# Introduction to NLTK

In [None]:
import nltk

Load the Book collection.

In [None]:
from nltk.book import *

## Simple Statistics

In [None]:
saying = ['After', 'all', 'is', 'said', 'and', 'done',
          'more', 'is', 'said', 'than', 'done']

Number of words in the list:

In [None]:
len(saying)

Unique words:

In [None]:
words = sorted(set(saying))

are fewer:

In [None]:
len(words)

Last two words

In [None]:
words[-2:]

First 4 words:

In [None]:
words[0:4]

## Searching Text
There are many ways to examine the context of a text apart from simply reading it. A concordance view shows us every occurrence of a given word, together with some context. Here we look up the word monstrous in *Moby Dick* by entering text1 followed by a period, then the term concordance, and then placing "monstrous" in parentheses:

In [None]:
' '.join(text1.tokens[40:50])

In [None]:
text1.concordance("ship")

Your turn. Try searching for other words: just edit the code above.

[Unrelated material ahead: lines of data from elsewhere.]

(* Let $G=(V,E)$ be a claw-free graph and $I$ a maximum cardinality independent set of $G$. Let $\mathtt{T2}=\bigcup_{a\in I}\mathtt{T2}^a$ and let $G_{\mathtt{T2}}$ be the graph with vertex set $\mathtt{T2}$ whose edges are those edges of $G[\mathtt{T2}]$ whose endpoints lie in different $1$-packs. Let $v,w\in\mathtt{T2}$ with $v\in V_a$, $w\in V_b$, $a\ne b$. Then $vw\in E$ if and only if $v$ and $w$ lie in the same connected component of $G_{\mathtt{T2}}$.
   Context: Graphs are finite, simple, undirected; claw-free means no induced $K_{1,3}$. For $a\in I$, the $1$-pack $V_a$ is $\{v\in V\setminus I : N(v)\cap I=\{a\}\}$. For $a\in I$, $\mathtt{T2}^a$ is the set of vertices $v\in V_a$ that have neighbours in at least two distinct $1$-packs other than $V_a$. *)

theory Defs
  imports Main
begin

definition simple_graph :: "'a set \<Rightarrow> ('a \<Rightarrow> 'a \<Rightarrow> bool) \<Rightarrow> bool" where
  "simple_graph V E \<longleftrightarrow> finite V \<and> (\<forall>x y. E x y \<longrightarrow> E y x) \<and> (\<forall>x. \<not> E x x)
     \<and> (\<forall>x y. E x y \<longrightarrow> x \<in> V \<and> y \<in> V)"

definition claw_free :: "'a set \<Rightarrow> ('a \<Rightarrow> 'a \<Rightarrow> bool) \<Rightarrow> bool" where
  "claw_free V E \<longleftrightarrow> \<not> (\<exists>c\<in>V. \<exists>x\<in>V. \<exists>y\<in>V. \<exists>z\<in>V.
      E c x \<and> E c y \<and> E c z \<and> x \<noteq> y \<and> x \<noteq> z \<and> y \<noteq> z \<and>
      \<not> E x y \<and> \<not> E x z \<and> \<not> E y z)"

definition independent_set :: "'a set \<Rightarrow> ('a \<Rightarrow> 'a \<Rightarrow> bool) \<Rightarrow> 'a set \<Rightarrow> bool" where
  "independent_set V E I \<longleftrightarrow> I \<subseteq> V \<and> (\<forall>x\<in>I. \<forall>y\<in>I. \<not> E x y)"

definition maximum_independent_set :: "'a set \<Rightarrow> ('a \<Rightarrow> 'a \<Rightarrow> bool) \<Rightarrow> 'a set \<Rightarrow> bool" where
  "maximum_independent_set V E I \<longleftrightarrow> independent_set V E I \<and>
     (\<forall>J. independent_set V E J \<longrightarrow> card J \<le> card I)"

definition one_pack :: "'a set \<Rightarrow> ('a \<Rightarrow> 'a \<Rightarrow> bool) \<Rightarrow> 'a set \<Rightarrow> 'a \<Rightarrow> 'a set" where
  "one_pack V E I a = {v \<in> V - I. {u \<in> I. E v u} = {a}}"

definition T2_at :: "'a set \<Rightarrow> ('a \<Rightarrow> 'a \<Rightarrow> bool) \<Rightarrow> 'a set \<Rightarrow> 'a \<Rightarrow> 'a set" where
  "T2_at V E I a = {v \<in> one_pack V E I a. \<exists>b\<in>I. \<exists>c\<in>I. b \<noteq> c \<and> b \<noteq> a \<and> c \<noteq> a \<and>
      (\<exists>x\<in>one_pack V E I b. E v x) \<and> (\<exists>y\<in>one_pack V E I c. E v y)}"

definition T2 :: "'a set \<Rightarrow> ('a \<Rightarrow> 'a \<Rightarrow> bool) \<Rightarrow> 'a set \<Rightarrow> 'a set" where
  "T2 V E I = (\<Union>a\<in>I. T2_at V E I a)"

definition G_T2_edge :: "'a set \<Rightarrow> ('a \<Rightarrow> 'a \<Rightarrow> bool) \<Rightarrow> 'a set \<Rightarrow> 'a \<Rightarrow> 'a \<Rightarrow> bool" where
  "G_T2_edge V E I x y \<longleftrightarrow> x \<in> T2 V E I \<and> y \<in> T2 V E I \<and> E x y \<and>
     (\<forall>a\<in>I. x \<in> one_pack V E I a \<longrightarrow> y \<notin> one_pack V E I a)"

definition same_component_T2 :: "'a set \<Rightarrow> ('a \<Rightarrow> 'a \<Rightarrow> bool) \<Rightarrow> 'a set \<Rightarrow> 'a \<Rightarrow> 'a \<Rightarrow> bool" where
  "same_component_T2 V E I x y \<longleftrightarrow> (x, y) \<in> {(p, q). G_T2_edge V E I p q}\<^sup>*"

end

theory Submission
  imports Defs
begin

text \<open>Every 1-pack is a clique, since two non-adjacent vertices of \<open>V\<^sub>a\<close> could replace \<open>a\<close> in
  the maximum independent set \<open>I\<close>. Claw-freeness at a vertex \<open>t \<in> V\<^sub>p\<close>, whose neighbour \<open>p\<close> is
  non-adjacent to all vertices of other packs, forces any two neighbours of \<open>t\<close> in packs other
  than \<open>V\<^sub>p\<close> to be adjacent. Propagating these two facts along a path of \<open>G\<^sub>T\<^sub>2\<close> starting at \<open>v\<close>
  shows that every vertex reached is adjacent to \<open>v\<close>. The only delicate case is a path that
  re-enters \<open>V\<^sub>a\<close> at \<open>t\<close> and leaves it again towards \<open>t' \<in> V\<^sub>b\<close>: then \<open>v\<close> and \<open>t\<close> have a common
  neighbour outside \<open>V\<^sub>a\<close>, and a neighbour of \<open>t'\<close> in a third pack, which exists because
  \<open>t' \<in> T2\<close>, lets claw-freeness carry the edge \<open>t t'\<close> over to \<open>v t'\<close>.\<close>

lemma simple_graph_sym: "simple_graph V E \<Longrightarrow> E x y \<Longrightarrow> E y x"
  unfolding simple_graph_def by blast

lemma one_pack_memD:
  assumes "x \<in> one_pack V E I a"
  shows "x \<in> V" "x \<notin> I" "a \<in> I" "E x a"
  using assms unfolding one_pack_def by auto

lemma one_pack_adj_in_I:
  "x \<in> one_pack V E I a \<Longrightarrow> c \<in> I \<Longrightarrow> E x c \<Longrightarrow> c = a"
  unfolding one_pack_def by auto

lemma one_pack_disjoint:
  "x \<in> one_pack V E I a \<Longrightarrow> x \<in> one_pack V E I b \<Longrightarrow> a = b"
  unfolding one_pack_def by auto

lemma one_pack_neq:
  "x \<in> one_pack V E I a \<Longrightarrow> y \<in> one_pack V E I b \<Longrightarrow> a \<noteq> b \<Longrightarrow> x \<noteq> y"
  using one_pack_disjoint by metis

lemma T2_obtain_pack:
  assumes "t \<in> T2 V E I"
  obtains p where "t \<in> one_pack V E I p"
  using assms unfolding T2_def T2_at_def by auto

lemma T2_neighbour_in_third_pack:
  assumes "t \<in> T2 V E I" and "t \<in> one_pack V E I b"
  obtains e q where "e \<noteq> a" "e \<noteq> b" "q \<in> one_pack V E I e" "E t q"
proof -
  obtain d where "t \<in> T2_at V E I d"
    using assms(1) unfolding T2_def by auto
  moreover from this have "d = b"
    using assms(2) one_pack_disjoint unfolding T2_at_def by fastforce
  ultimately obtain e1 e2 x y where "e1 \<noteq> e2" "e1 \<noteq> b" "e2 \<noteq> b"
      "x \<in> one_pack V E I e1" "E t x" "y \<in> one_pack V E I e2" "E t y"
    unfolding T2_at_def by blast
  then show ?thesis
    using that[of e1 x] that[of e2 y] by (cases "e1 = a") simp_all
qed

lemma one_pack_clique:
  assumes g: "simple_graph V E" and m: "maximum_independent_set V E I"
    and p: "p \<in> one_pack V E I a" and q: "q \<in> one_pack V E I a" and "p \<noteq> q"
  shows "E p q"
proof (rule ccontr)
  assume "\<not> E p q"
  let ?J = "insert p (insert q (I - {a}))"
  have ind: "independent_set V E I"
    using m unfolding maximum_independent_set_def by blast
  then have "I \<subseteq> V" "finite I"
    using g finite_subset unfolding independent_set_def simple_graph_def by auto
  have no_edge_to_I: "\<not> E z c" "\<not> E c z" if "z \<in> one_pack V E I a" "c \<in> I - {a}" for z c
    using one_pack_adj_in_I[OF that(1)] that(2) simple_graph_sym[OF g] by blast+
  have "\<not> E q p" "\<not> E p p" "\<not> E q q"
    using \<open>\<not> E p q\<close> g simple_graph_sym[OF g] unfolding simple_graph_def by blast+
  then have "independent_set V E ?J"
    using \<open>I \<subseteq> V\<close> ind \<open>\<not> E p q\<close> one_pack_memD(1)[OF p] one_pack_memD(1)[OF q]
      no_edge_to_I[OF p] no_edge_to_I[OF q]
    unfolding independent_set_def by auto
  then have "card ?J \<le> card I"
    using m unfolding maximum_independent_set_def by blast
  moreover have "card ?J = Suc (Suc (card (I - {a})))"
    using \<open>finite I\<close> \<open>p \<noteq> q\<close> one_pack_memD(2)[OF p] one_pack_memD(2)[OF q] by simp
  moreover have "card (I - {a}) = card I - 1" "card I > 0"
    using \<open>finite I\<close> one_pack_memD(3)[OF p] card_gt_0_iff by (simp, blast)
  ultimately show False
    by linarith
qed

lemma claw_free_neighbours_in_other_packs:
  assumes g: "simple_graph V E" and cf: "claw_free V E"
    and t: "t \<in> one_pack V E I p" and x: "x \<in> one_pack V E I c1" and y: "y \<in> one_pack V E I c2"
    and "c1 \<noteq> p" "c2 \<noteq> p" "E t x" "E t y" "x \<noteq> y"
  shows "E x y"
proof (rule ccontr)
  assume "\<not> E x y"
  have "p \<in> I" "E t p"
    using one_pack_memD(3,4)[OF t] by blast+
  have "\<not> E x p" "\<not> E y p"
    using one_pack_adj_in_I[OF x \<open>p \<in> I\<close>] one_pack_adj_in_I[OF y \<open>p \<in> I\<close>] assms(6,7)
    by blast+
  then have "\<not> E p x" "\<not> E p y"
    using simple_graph_sym[OF g] by blast+
  moreover have "p \<noteq> x" "p \<noteq> y"
    using one_pack_memD(2)[OF x] one_pack_memD(2)[OF y] \<open>p \<in> I\<close> by blast+
  moreover have "t \<in> V" "p \<in> V" "x \<in> V" "y \<in> V"
    using one_pack_memD(1)[OF t] one_pack_memD(1)[OF x] one_pack_memD(1)[OF y]
      g \<open>E t p\<close> unfolding simple_graph_def by blast+
  ultimately have "\<exists>c\<in>V. \<exists>x\<in>V. \<exists>y\<in>V. \<exists>z\<in>V.
      E c x \<and> E c y \<and> E c z \<and> x \<noteq> y \<and> x \<noteq> z \<and> y \<noteq> z \<and>
      \<not> E x y \<and> \<not> E x z \<and> \<not> E y z"
    using \<open>\<not> E x y\<close> \<open>E t p\<close> assms(8-10)
    by (intro bexI[of _ t] bexI[of _ p] bexI[of _ x] bexI[of _ y]) simp_all
  then show False
    using cf unfolding claw_free_def by (elim notE)
qed

locale claw_free_graph_with_mis =
  fixes V :: "'a set" and E :: "'a \<Rightarrow> 'a \<Rightarrow> bool" and I :: "'a set"
  assumes graph: "simple_graph V E"
    and claw_free: "claw_free V E"
    and maximum: "maximum_independent_set V E I"
begin

lemmas sym = simple_graph_sym[OF graph]
lemmas claw = claw_free_neighbours_in_other_packs[OF graph claw_free]

lemma common_outer_neighbour_shares_T2_neighbours:
  assumes s: "s \<in> one_pack V E I a" and t: "t \<in> one_pack V E I a"
    and r: "r \<in> one_pack V E I c" and "c \<noteq> a" and "E s r" and "E t r"
    and t': "t' \<in> one_pack V E I b" and "b \<noteq> a" and "E t t'" and "t' \<in> T2 V E I"
  shows "E s t'"
proof (cases "c = b")
  case False
  have "E r t'"
    using claw[OF t r t'] assms one_pack_neq[OF r t' False] by blast
  then show ?thesis
    using claw[OF r s t'] assms False one_pack_neq[OF s t'] sym by metis
next
  case True
  show ?thesis
  proof (cases "r = t'")
    case False
    obtain e q where e: "e \<noteq> a" "e \<noteq> b" and q: "q \<in> one_pack V E I e" and "E t' q"
      using T2_neighbour_in_third_pack[OF \<open>t' \<in> T2 V E I\<close> t'] by metis
    have "E t q"
      using claw[OF t' t q] assms e \<open>E t' q\<close> one_pack_neq[OF t q] sym by metis
    then have "E r q"
      using claw[OF t r q] assms e True one_pack_neq[OF r q] by metis
    then have "E s q"
      using claw[OF r s q] assms e True one_pack_neq[OF s q] sym by metis
    then show ?thesis
      using claw[OF q s t'] assms e \<open>E t' q\<close> one_pack_neq[OF s t'] sym by metis
  qed (use \<open>E s r\<close> in simp)
qed

text \<open>The invariant satisfied by every vertex \<open>t \<noteq> v\<close> reachable from \<open>v \<in> V\<^sub>a\<close> in \<open>G\<^sub>T\<^sub>2\<close>; the
  common neighbour is what allows a later edge leaving \<open>V\<^sub>a\<close> to be transferred to \<open>v\<close>.\<close>
definition linked :: "'a \<Rightarrow> 'a \<Rightarrow> 'a \<Rightarrow> bool" where
  "linked a v t \<longleftrightarrow> E v t \<and> (t \<in> one_pack V E I a \<longrightarrow>
     (\<exists>c r. c \<noteq> a \<and> r \<in> one_pack V E I c \<and> E v r \<and> E t r))"

lemma linked_G_T2_step:
  assumes v: "v \<in> one_pack V E I a" and t: "t = v \<or> linked a v t"
    and edge: "G_T2_edge V E I t t'" and "t' \<noteq> v"
  shows "linked a v t'"
proof -
  have "t' \<in> T2 V E I" "E t t'" and tT: "t \<in> T2 V E I"
    using edge unfolding G_T2_edge_def by auto
  obtain p where p: "t \<in> one_pack V E I p"
    using T2_obtain_pack[OF tT] by metis
  obtain p' where p': "t' \<in> one_pack V E I p'"
    using T2_obtain_pack[OF \<open>t' \<in> T2 V E I\<close>] by metis
  have "p \<noteq> p'"
    using edge p p' one_pack_memD(3)[OF p] unfolding G_T2_edge_def by blast
  have "E v t'"
  proof (cases "t = v")
    case False
    with t have "E v t" and common: "t \<in> one_pack V E I a \<Longrightarrow>
        \<exists>c r. c \<noteq> a \<and> r \<in> one_pack V E I c \<and> E v r \<and> E t r"
      unfolding linked_def by auto
    consider "p \<noteq> a" "p' \<noteq> a" | "p' = a" | "p = a"
      by blast
    then show ?thesis
    proof cases
      case 1
      then show ?thesis
        using claw[OF p v p'] \<open>E v t\<close> \<open>E t t'\<close> \<open>t' \<noteq> v\<close> \<open>p \<noteq> p'\<close> sym by metis
    next
      case 2
      then show ?thesis
        using one_pack_clique[OF graph maximum v] p' \<open>t' \<noteq> v\<close> by blast
    next
      case 3
      with p obtain c r where "c \<noteq> a" "r \<in> one_pack V E I c" "E v r" "E t r"
        using common by blast
      with 3 show ?thesis
        using common_outer_neighbour_shares_T2_neighbours[OF v _ _ _ _ _ p'] p
          \<open>p \<noteq> p'\<close> \<open>E t t'\<close> \<open>t' \<in> T2 V E I\<close> by blast
    qed
  qed (use \<open>E t t'\<close> in simp)
  moreover have "\<exists>c r. c \<noteq> a \<and> r \<in> one_pack V E I c \<and> E v r \<and> E t' r"
    if "t' \<in> one_pack V E I a"
  proof -
    have "p \<noteq> a"
      using one_pack_disjoint[OF that p'] \<open>p \<noteq> p'\<close> by simp
    then have "t \<noteq> v"
      using one_pack_disjoint[OF v] p by blast
    then have "E v t"
      using t unfolding linked_def by blast
    then show ?thesis
      using \<open>p \<noteq> a\<close> p \<open>E t t'\<close> sym by blast
  qed
  ultimately show ?thesis
    unfolding linked_def by blast
qed

lemma G_T2_reachable_linked:
  assumes "v \<in> one_pack V E I a"
    and "(v, t) \<in> {(p, q). G_T2_edge V E I p q}\<^sup>*"
  shows "t = v \<or> linked a v t"
  using assms(2)
proof (induction rule: rtrancl_induct)
  case (step t t')
  then show ?case
    using linked_G_T2_step[OF assms(1)] by blast
qed simp

end

theorem lemma11:
  fixes V :: "'a set" and E :: "'a \<Rightarrow> 'a \<Rightarrow> bool" and I :: "'a set"
  assumes "simple_graph V E"
    and "claw_free V E"
    and "maximum_independent_set V E I"
    and "a \<in> I" and "b \<in> I" and "a \<noteq> b"
    and "v \<in> T2 V E I" and "w \<in> T2 V E I"
    and "v \<in> one_pack V E I a" and "w \<in> one_pack V E I b"
  shows "E v w \<longleftrightarrow> same_component_T2 V E I v w"
proof
  assume "E v w"
  then have "G_T2_edge V E I v w"
    using assms(6-10) one_pack_disjoint unfolding G_T2_edge_def by metis
  then show "same_component_T2 V E I v w"
    unfolding same_component_T2_def by auto
next
  interpret claw_free_graph_with_mis V E I
    using assms(1-3) by unfold_locales
  assume "same_component_T2 V E I v w"
  then have "w = v \<or> linked a v w"
    using G_T2_reachable_linked[OF assms(9)] unfolding same_component_T2_def by blast
  moreover have "w \<noteq> v"
    using one_pack_neq assms(6,9,10) by metis
  ultimately show "E v w"
    unfolding linked_def by blast
qed

end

A concordance permits us to see words in context. For example, we saw that *monstrous* occurred in contexts such as *the ___ pictures* and *a ___ size*. What other words appear in a similar range of contexts? We can find out by appending the term similar to the name of the text in question, then inserting the relevant word in parentheses:

In [None]:
text1.similar("monstrous")

Observe that we get different results for different texts. Austen uses this word quite differently from Melville; for her, *monstrous* has positive connotations, and sometimes functions as an intensifier like the word very.

The term common_contexts allows us to examine just the contexts that are shared by two or more words, such as *monstrous* and *very*. We have to enclose these words by square brackets as well as parentheses, and separate them with a comma:

In [None]:
text2.common_contexts(["monstrous", "very"])

## Counting Vocabulary
Let's begin by finding out the length of a text from start to finish, in terms of the words and punctuation symbols that appear. We use the term len to get the length of something, which we'll apply here to the book of Genesis:

In [None]:
len(text3)

The vocabulary of a text is just the set of tokens that it uses, since in a set, all duplicates are collapsed together. In Python we can obtain the vocabulary items of text3 with the command: set(text3). When you do this, many screens of words will fly past. Now try the following:

In [None]:
sorted(set(text3))

In [None]:
len(set(text3))

Now, let's calculate a measure of the lexical richness of the text. The next example shows us that the number of distinct words is just 6% of the total number of words, or equivalently that each word is used 16 times on average

In [None]:
len(set(text3)) / len(text3)

You may want to repeat such calculations on several texts, but it is tedious to keep retyping the formula. Instead, you can come up with your own name for a task, like "lexical_diversity" or "percentage", and associate it with a block of code. Now you only have to type a short name instead of one or more complete lines of Python code, and you can re-use it as often as you like. The block of code that does a task for us is called a function, and we define a short name for our function with the keyword def. The next example shows how to define two new functions, lexical_diversity() and  percentage():

In [None]:
def lexical_diversity(text):
    return len(set(text)) / len(text)

def percentage(count, total):
    return 100 * count / total

In [None]:
lexical_diversity(text1)

In [None]:
percentage(4, 5)

In [None]:
percentage(text4.count('the'), len(text4))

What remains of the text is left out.